- [PROBLEM STATEMENT]: Top to bottom, output the entries that follow exactly.

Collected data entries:

lemma AE_in_nonzero_ess_range_if_card_eq:
  fixes f :: "'a \<Rightarrow> real"
  assumes Lp: "Lp M p f" and p: "0 < p" and k: "1 \<le> k" and V: "Varpk M p k f = 0"
    and no_atom: "\<forall>A. is_atom M A \<longrightarrow> emeasure M A < \<infinity>"
    and card: "card (nonzero_ess_range M f) = k"
  shows "AE x in M. f x \<in> nonzero_ess_range M f"
proof (rule ccontr)
  define E where "E = nonzero_ess_range M f"
  have fm: "f \<in> borel_measurable M" using Lp by (simp add: Lp_def)
  have E: "finite E" "0 \<notin> E"
    using card_nonzero_ess_range_le[OF Lp p k V] by (auto simp: E_def nonzero_ess_range_def)
  define Z where "Z = {x \<in> space M. f x \<notin> E}"
  have Z: "Z \<in> sets M"
    using sets_Collect_in_finite[OF fm E(1)] by (auto simp: Z_def Collect_neg_eq Diff_eq)
  assume "\<not> (AE x in M. f x \<in> nonzero_ess_range M f)"
  then have "emeasure M Z \<noteq> 0" using AE_iff_measurable[OF Z] by (auto simp: Z_def E_def)
  then obtain Z' where Z': "Z' \<in> sets M" "Z' \<subseteq> Z" "0 < emeasure M Z'" "emeasure M Z' < \<infinity>"
    using obtain_finite_positive_subset[OF no_atom Z] by blast
  \<comment> \<open>outside the nonzero essential range f vanishes a.e., so Z' is a cluster at the value 0\<close>
  define B0 where "B0 = Z' \<inter> {x \<in> space M. f x = 0}"
  have B0: "B0 \<in> sets M" unfolding B0_def using Z' fm by measurable
  have "AE x in M. x \<in> B0 \<longleftrightarrow> x \<in> Z'"
    using AE_in_ess_range[OF fm] by eventually_elim (use Z' in \<open>auto simp: B0_def Z_def E_def\<close>)
  then have mB0: "emeasure M B0 = emeasure M Z'" using B0 Z' by (intro emeasure_eq_AE) auto
  define W where "W = insert 0 E"
  have W: "finite W" "k < card W" using E card by (auto simp: W_def E_def)
  obtain r0 where r0: "0 < r0" "\<forall>u\<in>W. \<forall>v\<in>W. u \<noteq> v \<longrightarrow> r0 \<le> \<bar>u - v\<bar>"
    using finite_imp_uniformly_separated[OF W(1)] by auto
  define r where "r = r0 / 3"
  have r: "0 < r" "\<And>u v. u \<in> W \<Longrightarrow> v \<in> W \<Longrightarrow> u \<noteq> v \<Longrightarrow> 3 * r \<le> \<bar>u - v\<bar>"
    using r0 by (auto simp: r_def)
  have rw: "r < \<bar>w\<bar>" if "w \<in> E" for w
    using r(2)[of w 0] r(1) E(2) that by (force simp: W_def)
  define B where "B w = (if w = 0 then B0 else {x \<in> space M. \<bar>f x - w\<bar> < r})" for w
  have cluster: "B w \<in> sets M \<and> 0 < emeasure M (B w) \<and> emeasure M (B w) < \<infinity> \<and>
      (\<forall>x \<in> B w. \<bar>f x - w\<bar> < r)" if "w \<in> W" for w
  proof (cases "w = 0")
    case True
    then show ?thesis using B0 mB0 Z'(3,4) r(1) by (simp add: B_def B0_def)
  next
    case False
    then have "w \<in> E" using that by (simp add: W_def)
    then show ?thesis
      using False nonzero_ess_range_ball[OF Lp p _ r(1) rw, of w] by (simp add: B_def E_def)
  qed
  have "Varpk M p k f \<noteq> 0"
    by (rule Varpk_neq_0_of_separated_clusters[OF p k W r, where B = B]) (use cluster in blast)+
  then show False using V by simp
qed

- [ANSWER BOX]:
lemma AE_in_nonzero_ess_range_if_card_eq:
  fixes f :: "'a \<Rightarrow> real"
  assumes Lp: "Lp M p f" and p: "0 < p" and k: "1 \<le> k" and V: "Varpk M p k f = 0"
    and no_atom: "\<forall>A. is_atom M A \<longrightarrow> emeasure M A < \<infinity>"
    and card: "card (nonzero_ess_range M f) = k"
  shows "AE x in M. f x \<in> nonzero_ess_range M f"
proof (rule ccontr)
  define E where "E = nonzero_ess_range M f"
  have fm: "f \<in> borel_measurable M" using Lp by (simp add: Lp_def)
  have E: "finite E" "0 \<notin> E"
    using card_nonzero_ess_range_le[OF Lp p k V] by (auto simp: E_def nonzero_ess_range_def)
  define Z where "Z = {x \<in> space M. f x \<notin> E}"
  have Z: "Z \<in> sets M"
    using sets_Collect_in_finite[OF fm E(1)] by (auto simp: Z_def Collect_neg_eq Diff_eq)
  assume "\<not> (AE x in M. f x \<in> nonzero_ess_range M f)"
  then have "emeasure M Z \<noteq> 0" using AE_iff_measurable[OF Z] by (auto simp: Z_def E_def)
  then obtain Z' where Z': "Z' \<in> sets M" "Z' \<subseteq> Z" "0 < emeasure M Z'" "emeasure M Z' < \<infinity>"
    using obtain_finite_positive_subset[OF no_atom Z] by blast
  \<comment> \<open>outside the nonzero essential range f vanishes a.e., so Z' is a cluster at the value 0\<close>
  define B0 where "B0 = Z' \<inter> {x \<in> space M. f x = 0}"
  have B0: "B0 \<in> sets M" unfolding B0_def using Z' fm by measurable
  have "AE x in M. x \<in> B0 \<longleftrightarrow> x \<in> Z'"
    using AE_in_ess_range[OF fm] by eventually_elim (use Z' in \<open>auto simp: B0_def Z_def E_def\<close>)
  then have mB0: "emeasure M B0 = emeasure M Z'" using B0 Z' by (intro emeasure_eq_AE) auto
  define W where "W = insert 0 E"
  have W: "finite W" "k < card W" using E card by (auto simp: W_def E_def)
  obtain r0 where r0: "0 < r0" "\<forall>u\<in>W. \<forall>v\<in>W. u \<noteq> v \<longrightarrow> r0 \<le> \<bar>u - v\<bar>"
    using finite_imp_uniformly_separated[OF W(1)] by auto
  define r where "r = r0 / 3"
  have r: "0 < r" "\<And>u v. u \<in> W \<Longrightarrow> v \<in> W \<Longrightarrow> u \<noteq> v \<Longrightarrow> 3 * r \<le> \<bar>u - v\<bar>"
    using r0 by (auto simp: r_def)
  have rw: "r < \<bar>w\<bar>" if "w \<in> E" for w
    using r(2)[of w 0] r(1) E(2) that by (force simp: W_def)
  define B where "B w = (if w = 0 then B0 else {x \<in> space M. \<bar>f x - w\<bar> < r})" for w
  have cluster: "B w \<in> sets M \<and> 0 < emeasure M (B w) \<and> emeasure M (B w) < \<infinity> \<and>
      (\<forall>x \<in> B w. \<bar>f x - w\<bar> < r)" if "w \<in> W" for w
  proof (cases "w = 0")
    case True
    then show ?thesis using B0 mB0 Z'(3,4) r(1) by (simp add: B_def B0_def)
  next
    case False
    then have "w \<in> E" using that by (simp add: W_def)
    then show ?thesis
      using False nonzero_ess_range_ball[OF Lp p _ r(1) rw, of w] by (simp add: B_def E_def)
  qed
  have "Varpk M p k f \<noteq> 0"
    by (rule Varpk_neq_0_of_separated_clusters[OF p k W r, where B = B]) (use cluster in blast)+
  then show False using V by simp
qed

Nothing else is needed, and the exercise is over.